(Exercise inputs begins)
lemma L_smooth_upper_bound:
  fixes nrm :: "'a::euclidean_space \<Rightarrow> real"
  assumes nrm: "is_norm nrm" and smooth: "L_smooth nrm f gradf L"
  shows "f (p + z) \<le> f p + gradf p \<bullet> z + L / 2 * (nrm z)\<^sup>2"
proof -
  have grad: "is_gradient f gradf"
    and lip: "\<And>x y. dual_norm nrm (gradf x - gradf y) \<le> L * nrm (x - y)"
    using smooth unfolding L_smooth_def by auto
  define \<phi> where "\<phi> t = f (p + t *\<^sub>R z) - t * (gradf p \<bullet> z) - L / 2 * t\<^sup>2 * (nrm z)\<^sup>2" for t
  have "\<phi> 1 \<le> \<phi> 0"
  proof (rule DERIV_nonpos_imp_nonincreasing[of 0 1])
    fix t :: real assume t: "0 \<le> t" "t \<le> 1"
    have deriv: "DERIV \<phi> t :> gradf (p + t *\<^sub>R z) \<bullet> z - gradf p \<bullet> z - L / 2 * (2 * t) * (nrm z)\<^sup>2"
      unfolding \<phi>_def
      by (rule has_real_derivative_along_line[OF grad] derivative_eq_intros refl | simp)+
    have "(gradf (p + t *\<^sub>R z) - gradf p) \<bullet> z
        \<le> dual_norm nrm (gradf (p + t *\<^sub>R z) - gradf p) * nrm z"
      by (rule inner_le_dual_norm[OF nrm])
    also have "\<dots> \<le> L * nrm (t *\<^sub>R z) * nrm z"
      using lip[of "p + t *\<^sub>R z" p] by (simp add: mult_right_mono is_norm_nonneg[OF nrm])
    also have "\<dots> = L * t * (nrm z)\<^sup>2"
      using t by (simp add: is_norm_scaleR[OF nrm] power2_eq_square)
    finally show "\<exists>y. DERIV \<phi> t :> y \<and> y \<le> 0"
      using deriv by (auto simp: inner_diff_left)
  qed simp
  then show ?thesis
    unfolding \<phi>_def by simp
qed

lemma sharp_step_model_bound:
  fixes nrm :: "'a::euclidean_space \<Rightarrow> real"
  assumes nrm: "is_norm nrm" and L: "0 < L" and sharp: "is_sharp nrm sharp"
  shows "g \<bullet> (- (dual_norm nrm g / L) *\<^sub>R sharp g)
           + L / 2 * (nrm (- (dual_norm nrm g / L) *\<^sub>R sharp g))\<^sup>2
         \<le> - (dual_norm nrm g)\<^sup>2 / (2 * L)"
proof -
  define D where "D = dual_norm nrm g"
  define s where "s = sharp g"
  have s: "nrm s \<le> 1" "g \<bullet> s = D"
    using sharp unfolding is_sharp_def D_def s_def by auto
  have D: "0 \<le> D"
    unfolding D_def by (rule dual_norm_nonneg[OF nrm])
  have "nrm (- (D / L) *\<^sub>R s) = D / L * nrm s"
    using is_norm_scaleR[OF nrm, of "- (D / L)" s] D L by simp
  also have "\<dots> \<le> D / L"
    using s D L mult_left_le[of "nrm s" "D / L"] by simp
  finally have "(nrm (- (D / L) *\<^sub>R s))\<^sup>2 \<le> (D / L)\<^sup>2"
    by (rule power_mono) (simp add: is_norm_nonneg[OF nrm])
  then have "g \<bullet> (- (D / L) *\<^sub>R s) + L / 2 * (nrm (- (D / L) *\<^sub>R s))\<^sup>2
      \<le> - D * (D / L) + L / 2 * (D / L)\<^sup>2"
    using s L by simp
  also have "\<dots> = - D\<^sup>2 / (2 * L)"
    using L by (simp add: field_simps power2_eq_square)
  finally show ?thesis
    unfolding D_def s_def .
qed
(Exercise inputs ends)
* _To do_:
Reply with one number only, the count of lines above that hold the string "also".

* _Solution for this task_:
4